Information supplied: Begin

(* Consider a repeater chain in the model described in the context with $M+N+1$ nodes labelled $1,\dots,M+N+1$ and elementary-link fidelity $F$. Suppose nodes $1,\dots,M$ are at fixed locations with fixed distances between consecutive ones, nodes $M$ and $M+N+1$ are a distance $L$ apart, and the $N$ repeater nodes $M+1,\dots,M+N$ are placed along a straight line between them. Let $\ell_i\ge0$ be the distance between nodes $M+i-1$ and $M+i$ for $i=1,\dots,N+1$, with $\sum_i\ell_i=L$. Suppose nodes $1,\dots,M-1$ have memory coherence time $T$, while nodes $M,M+1,\dots,M+N+1$ have perfect quantum memory. Then the secret-key rate $\mathrm{SKR}$ of the chain, as a function of $(\ell_1,\dots,\ell_{N+1})$, is maximal when $\ell_i=L/(N+1)$ for all $i$.
   Context: Repeater-chain model (swap-ASAP, synchronized attempts). Edge $j$ connects nodes $j$ and $j+1$ and has length $l_j\ge0$ (km). Entanglement generation proceeds in synchronized rounds of duration $t_{\mathrm{att}}=\frac1c\max_jl_j$, $c=200{,}000$ km/s. In each round, each edge not yet successful attempts, succeeding independently with probability $p_j=10^{-\alpha l_j/10}$, $\alpha=0.2\ \mathrm{km}^{-1}$; the number of rounds $X_j$ until edge $j$ succeeds is geometric on $\{1,2,\dots\}$ with parameter $p_j$, independently across edges. Edge $j$ completes at time $t_j=t_{\mathrm{att}}X_j$, and the chain completes at $T_{\mathrm{done}}=t_{\mathrm{att}}\max_jX_j$; the entangling rate is $R=1/\mathbb E[T_{\mathrm{done}}]$. Each successful edge produces the two-qubit Werner state $W_{w_0}=w_0|\phi^+\rangle\langle\phi^+|+(1-w_0)\mathbb 1/4$ with $w_0=(4F-1)/3$. Each repeater node (every node other than the two end nodes) performs entanglement swapping as soon as both of its links exist; meanwhile a stored qubit $k$ held for time $t$ in a memory with coherence time $T$ undergoes $\rho\mapsto e^{-t/T}\rho+(1-e^{-t/T})\frac{\mathbb 1_2}{2}\otimes\mathrm{Tr}_k\rho$; a node with perfect memory undergoes no such noise, and end nodes measure immediately and suffer no memory noise. Consequently, given the completion times, the end-to-end state is the Werner state with parameter $w_{e2e}=w_0^{K}\prod_{i}e^{-|t_i-t_{i-1}|/T}$, where $K$ is the number of edges and the product is over repeater nodes $i$ with imperfect memory (node $i$ sitting between edges $i-1$ and $i$); the delivered state (not conditioned on completion times) is the Werner state with parameter $\mathbb E[w_{e2e}]$. Its quantum bit error rates are $Q_X=Q_Z=(1-\mathbb E[w_{e2e}])/2$, the secret-key fraction is $\mathrm{SKF}=\max(0,1-h(Q_X)-h(Q_Z))$ with $h(x)=-x\log_2x-(1-x)\log_2(1-x)$, and the secret-key rate is $\mathrm{SKR}=R\cdot\mathrm{SKF}$. *)

theory Defs
  imports "HOL-Probability.Probability"
begin
(* Let $s\ge1$, $L\ge1$, widths $d_0=s,d_1,\dots,d_{L+1}$, matrices $W_\ell\in\mathbb{R}^{d_{\ell+1}\times d_\ell}$ and vectors $\mathbf{v}_\ell\in\mathbb{R}^{d_{\ell+1}}$ ($\ell=0,\dots,L$), and a smooth $\sigma:\mathbb{R}\to\mathbb{R}$ applied componentwise. Suppose there are positive sequences $(\beta_j)_{j\ge1}$, $(R_\ell)_{\ell\ge1}$ and constants $\xi>0,\tau>0$ such that $\max_{1\le p\le d_1}|W_{0,p,j}|\le\beta_j$ for $j=1,\dots,s$, $\|W_\ell\|_\infty:=\max_p\sum_q|W_{\ell,p,q}|\le R_\ell$ for $\ell\ge1$, and $\sup_{x\in\mathbb{R}}|\sigma^{(n)}(x)|\le A_n:=\xi\,\tau^n\,n!$ for all $n\ge1$. Define $P_0:=1$, $P_k:=\prod_{t=1}^k(\xi\tau R_t)$ for $k\ge1$, $S_\ell:=\tau\sum_{k=0}^{\ell-1}P_k$, and $C_\ell:=\max\{\|G^{[\ell]}_\theta\|_\infty,\,P_\ell/S_\ell\}$, where $\|G^{[\ell]}_\theta\|_\infty:=\sup_{\mathbf{y}\in[0,1]^s}\max_p|G^{[\ell]}_\theta(\mathbf{y})_p|$. Then for every $1\le\ell\le L$, every component $1\le p\le d_{\ell+1}$, every multiindex $\boldsymbol{\nu}\in\mathbb{N}_0^s$ (including $\boldsymbol{\nu}=\mathbf{0}$) and every $\mathbf{y}\in[0,1]^s$: (a) the non-periodic network $G^{[0]}_\theta(\mathbf{y}):=W_0\mathbf{y}+\mathbf{v}_0$, $G^{[\ell]}_\theta(\mathbf{y}):=W_\ell\sigma(G^{[\ell-1]}_\theta(\mathbf{y}))+\mathbf{v}_\ell$ satisfies $$|\partial^{\boldsymbol{\nu}}G^{[\ell]}_\theta(\mathbf{y})_p|\le C_\ell\,|\boldsymbol{\nu}|!\,(S_\ell\boldsymbol{\beta})^{\boldsymbol{\nu}};$$ (b) the periodic network $G^{[0]}_\theta(\mathbf{y}):=W_0\sin(2\pi\mathbf{y})+\mathbf{v}_0$, $G^{[\ell]}_\theta(\mathbf{y}):=W_\ell\sigma(G^{[\ell-1]}_\theta(\mathbf{y}))+\mathbf{v}_\ell$ satisfies $$|\partial^{\boldsymbol{\nu}}G^{[\ell]}_\theta(\mathbf{y})_p|\le C_\ell\,(2\pi)^{|\boldsymbol{\nu}|}\sum_{\mathbf{m}\le\boldsymbol{\nu}}|\mathbf{m}|!\,(S_\ell\boldsymbol{\beta})^{\mathbf{m}}\,\mathcal{S}(\boldsymbol{\nu},\mathbf{m}).$$ (Here $C_\ell$ is defined with respect to the respective network.)
   Context: For $\boldsymbol{\nu}\in\mathbb{N}_0^s$: $|\boldsymbol{\nu}|=\sum_j\nu_j$, $\partial^{\boldsymbol{\nu}}=\prod_j(\partial/\partial y_j)^{\nu_j}$, $(S\boldsymbol{\beta})^{\boldsymbol{\nu}}=\prod_j(S\beta_j)^{\nu_j}$, $\mathbf{m}\le\boldsymbol{\nu}$ componentwise. $\mathcal{S}(n,k)$ is the Stirling number of the second kind ($\mathcal{S}(n,0)=\delta_{n,0}$, $\mathcal{S}(n,k)=0$ for $k>n$, $\mathcal{S}(n,k)=\frac1{k!}\sum_{i=0}^k(-1)^{k-i}\binom ki i^n$ for $n\ge k$), and $\mathcal{S}(\boldsymbol{\nu},\mathbf{m})=\prod_j\mathcal{S}(\nu_j,m_j)$. The sine is applied componentwise. *)

theory Defs
  imports "HOL-Analysis.Analysis" "HOL-Combinatorics.Stirling" "HOL-Library.FuncSet"
begin

text \<open>Vectors in R^s are functions nat => real, only indices j < s are used (0-based).
  Matrices W l are nat => nat => real, W l p q for p < d (Suc l), q < d l.\<close>

text \<open>Feed-forward network. The first layer is W_0 phi(y) + v_0 with phi applied
  componentwise (phi = id: non-periodic; phi = sin(2 pi .): periodic).\<close>
fun net :: "(real \<Rightarrow> real) \<Rightarrow> (real \<Rightarrow> real) \<Rightarrow> nat \<Rightarrow> (nat \<Rightarrow> nat)
            \<Rightarrow> (nat \<Rightarrow> nat \<Rightarrow> nat \<Rightarrow> real) \<Rightarrow> (nat \<Rightarrow> nat \<Rightarrow> real)
            \<Rightarrow> nat \<Rightarrow> (nat \<Rightarrow> real) \<Rightarrow> nat \<Rightarrow> real" where
  "net phi \<sigma> s d W v 0 y p = (\<Sum>j<s. W 0 p j * phi (y j)) + v 0 p"
| "net phi \<sigma> s d W v (Suc l) y p =
     (\<Sum>q<d (Suc l). W (Suc l) p q * \<sigma> (net phi \<sigma> s d W v l y q)) + v (Suc l) p"

definition partial :: "nat \<Rightarrow> ((nat \<Rightarrow> real) \<Rightarrow> real) \<Rightarrow> (nat \<Rightarrow> real) \<Rightarrow> real" where
  "partial j f y = deriv (\<lambda>t. f (y(j := t))) (y j)"

fun mderiv :: "nat \<Rightarrow> (nat \<Rightarrow> nat) \<Rightarrow> ((nat \<Rightarrow> real) \<Rightarrow> real) \<Rightarrow> (nat \<Rightarrow> real) \<Rightarrow> real" where
  "mderiv 0 \<nu> f = f"
| "mderiv (Suc k) \<nu> f = (partial k ^^ \<nu> k) (mderiv k \<nu> f)"

definition unit_cube :: "nat \<Rightarrow> (nat \<Rightarrow> real) set" where
  "unit_cube s = {y. \<forall>j<s. 0 \<le> y j \<and> y j \<le> 1}"

definition mabs :: "nat \<Rightarrow> (nat \<Rightarrow> nat) \<Rightarrow> nat" where
  "mabs s \<nu> = (\<Sum>j<s. \<nu> j)"

definition Pk :: "real \<Rightarrow> real \<Rightarrow> (nat \<Rightarrow> real) \<Rightarrow> nat \<Rightarrow> real" where
  "Pk \<xi> \<tau> R k = (\<Prod>t=1..k. \<xi> * \<tau> * R t)"

definition Sl :: "real \<Rightarrow> real \<Rightarrow> (nat \<Rightarrow> real) \<Rightarrow> nat \<Rightarrow> real" where
  "Sl \<xi> \<tau> R l = \<tau> * (\<Sum>k<l. Pk \<xi> \<tau> R k)"

definition net_supnorm :: "nat \<Rightarrow> (nat \<Rightarrow> nat) \<Rightarrow> ((nat \<Rightarrow> real) \<Rightarrow> nat \<Rightarrow> real) \<Rightarrow> nat \<Rightarrow> real" where
  "net_supnorm s d G l = (SUP y\<in>unit_cube s. Max ((\<lambda>p. \<bar>G y p\<bar>) ` {..<d (Suc l)}))"

end

(*
  A bound on derivatives along directions j_1 ... j_n of the form n! F_n beta_(j_1) ... beta_(j_n)
  is encoded by a power series F in one variable. Such majorants are multiplied under the Leibniz
  rule and composed under Faa di Bruno's formula; the hypothesis |sigma^(k)| <= xi tau^k k! says
  that sigma is majorized by xi / (1 - tau t). If the derivatives of the l-th layer are majorized by
  P t / (1 - S t), those of sigma applied to it are majorized by xi tau P t / (1 - (S + tau P) t),
  and the row sums R_(l+1) then give the same shape with P_(l+1) = R_(l+1) xi tau P_l and
  S_(l+1) = S_l + tau P_l. Reading off coefficients yields
  |d^nu G^[l]| <= (P_l / S_l) |nu|! (S_l beta)^nu.

  The periodic network is the non-periodic one composed with y |-> sin (2 pi y) coordinatewise.
  In one variable, d^n/dt^n K (sin (2 pi t)) = sum_r T_(n,r)(t) K^(r)(sin (2 pi t)), where T_(n,r)
  is a trigonometric polynomial bounded by (2 pi)^n S(n, r) because its recursion is that of the
  Stirling numbers of the second kind.
*)

theory Submission
  imports Defs "HOL-Computational_Algebra.Formal_Power_Series"
begin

Information supplied: End

Problem to solve | Check each line above for the string "definition" and copy the ones that have it.

Written answer |
definition partial :: "nat \<Rightarrow> ((nat \<Rightarrow> real) \<Rightarrow> real) \<Rightarrow> (nat \<Rightarrow> real) \<Rightarrow> real" where
definition unit_cube :: "nat \<Rightarrow> (nat \<Rightarrow> real) set" where
definition mabs :: "nat \<Rightarrow> (nat \<Rightarrow> nat) \<Rightarrow> nat" where
definition Pk :: "real \<Rightarrow> real \<Rightarrow> (nat \<Rightarrow> real) \<Rightarrow> nat \<Rightarrow> real" where
definition Sl :: "real \<Rightarrow> real \<Rightarrow> (nat \<Rightarrow> real) \<Rightarrow> nat \<Rightarrow> real" where
definition net_supnorm :: "nat \<Rightarrow> (nat \<Rightarrow> nat) \<Rightarrow> ((nat \<Rightarrow> real) \<Rightarrow> nat \<Rightarrow> real) \<Rightarrow> nat \<Rightarrow> real" where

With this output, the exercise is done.